Seems like I have been writing a lot of checks lately!  Been salivating at the paint jobs others are getting done, but definitely need to focus on getting it safe first.

By pilot operated valves are you referring to the SPS valves on the drawings?  Took me a while on Google to determine they are Skid Protection Sensitive valves that work with the ABS system.
Title: Re: Need help with an air leak
Post by: Chuck & Jeannie on March 05, 2020, 09:42:36 am
ABS coaches are different than older models without ABS.  The SPS valves in your diagram must be part of the ABS systems.  It looks like they take the place of the Quick Release valve (front) and the Service Brake Relay valve (rear) on older non-ABS models.

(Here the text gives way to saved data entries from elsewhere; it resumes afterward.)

lemma tail_equiv_fword_nzero_iff:
  assumes K: "K \<in> words N (l - 1)" and K': "K' \<in> words N (l - 1)"
  shows "tail_equiv ps (fword f K n0) (fword f K' n0) \<longleftrightarrow>
    (\<exists>a b. deltas N l \<sigma> K (Jpow J a) = deltas N l \<sigma> K' (Jpow J b))"
proof
  assume "tail_equiv ps (fword f K n0) (fword f K' n0)"
  then obtain a b where ab: "(ps ^^ a) (fword f K n0) = (ps ^^ b) (fword f K' n0)"
    unfolding tail_equiv_def by blast
  have "length J > 0"
    using J_ne by simp
  then obtain q t where "t < length J"
    and "(ps ^^ (length J * a)) (fword f K n0) = (ps ^^ t) ((ps ^^ (length J * q)) (fword f K' n0))"
    by (rule funpow_eq_mult_shift[OF ab])
  then have "t < length J" and "fword f (deltas N l \<sigma> K (Jpow J a)) n0
      = (ps ^^ t) (fword f (deltas N l \<sigma> K' (Jpow J q)) n0)"
    using funpow_psig_Jpow[OF K, of a] funpow_psig_Jpow[OF K', of q] by (simp_all add: mult.commute)
  then have "deltas N l \<sigma> K (Jpow J a) = deltas N l \<sigma> K' (Jpow J q)"
    using fword_nzero_eq_funpow_psig(2) deltas_words[OF _ set_Jpow[OF J_set]] K K' by blast
  then show "\<exists>a b. deltas N l \<sigma> K (Jpow J a) = deltas N l \<sigma> K' (Jpow J b)"
    by blast
next
  assume "\<exists>a b. deltas N l \<sigma> K (Jpow J a) = deltas N l \<sigma> K' (Jpow J b)"
  then obtain a b where "deltas N l \<sigma> K (Jpow J a) = deltas N l \<sigma> K' (Jpow J b)"
    by blast
  then have "(ps ^^ (a * length J)) (fword f K n0) = (ps ^^ (b * length J)) (fword f K' n0)"
    using funpow_psig_Jpow[OF K] funpow_psig_Jpow[OF K'] by simp
  then show "tail_equiv ps (fword f K n0) (fword f K' n0)"
    unfolding tail_equiv_def by blast
qed

lemma card_qcls_pos:
  assumes "p \<in> QJ N l \<sigma> J"
  shows "card (qcls N l \<sigma> J p) > 0"
proof -
  have "qcls N l \<sigma> J p \<subseteq> words N (l - 1)"
    using assms deltas_words[OF _ set_Jpow[OF J_set]]
    unfolding qcls_def qrel_def QJ_def by blast
  then have "finite (qcls N l \<sigma> J p)"
    using finite_words finite_subset by blast
  moreover have "p \<in> qcls N l \<sigma> J p"
    using assms unfolding qcls_def qrel_def QJ_def by blast
  ultimately show ?thesis
    using card_gt_0_iff by blast
qed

I edited my post above to only pertain to non-ABS systems.
Title: Re: Need help with an air leak
Post by: Old Toolmaker on March 05, 2020, 10:10:09 am

By pilot operated valves are you referring to the SPS valves on the drawings?  Took me a while on Google to determine they are Skid Protection Sensitive valves that work with the ABS system.

No.  In order to obtain quick response on a pneumatic system, it is customary to place a pilot operated valve near the load, that way when you send a signal it goes through a smaller line that operates the pilot operated valve which moves the bulk air into the device.

You have ABS?  Cool!  I hope they got it right.  When the railroads tried ABS in an attempt to eliminate flatted tires, commuter trains ended up rolling though stations without enough air left to set the brakes.  I'm sure they got it right on your rig.  ;D
Title: Re: Need help with an air leak
Post by: Chuck & Jeannie on March 05, 2020, 10:17:12 am
You have ABS?  Cool!  I hope they got it right. 
Actually, the ABS systems on Foretravel coaches, although they seem to work OK, have caused some problems for our Forum members.

There is a particular "sensor" at each brake unit that is prone to going dead.  When it does, owners have a hard time finding a replacement.  In some cases, it is unobtainable...  I don't know all the details cuz we don't have ABS, but anyone interested in this subject can search the Forum for more info.
Title: Re: Need help with an air leak
Post by: Michelle on March 05, 2020, 10:45:47 am
Actually, the ABS systems on Foretravel coaches, although they seem to work OK, have caused some problems for our Forum members.

There is a particular "sensor" at each brake unit that is prone to going dead.  When it does, owners have a hard time finding a replacement.  In some cases, it is unobtainable...  I don't know all the details cuz we don't have ABS, but anyone interested in this subject can search the Forum for more info.

It's the rear ABS sensor on late 90's coaches.  OEM size and style not available.  The new part number that replaces it does not fit those coaches.

1998 U 270 rear ABS sensor source and part number (https://www.foreforums.com/index.php?topic=29227.0)
Title: Re: Need help with an air leak
Post by: DayDreamer on March 08, 2020, 03:32:23 pm
Replaced the check valves on both service tanks today with new Haldex KN23000 check valves.  They are working great.  Now when I drain the wet tank, both service tanks hold air!  Hope I never have to rely on them, but feeling a little safer. Looks like you can also get just the internals as part RN10Y, but it is not that much cheaper.
 
Also replaced a leaking regulator on the step with one from Home Depot.  Still have some minor air leaks to find/fix, but only lost 4 psi over an hour.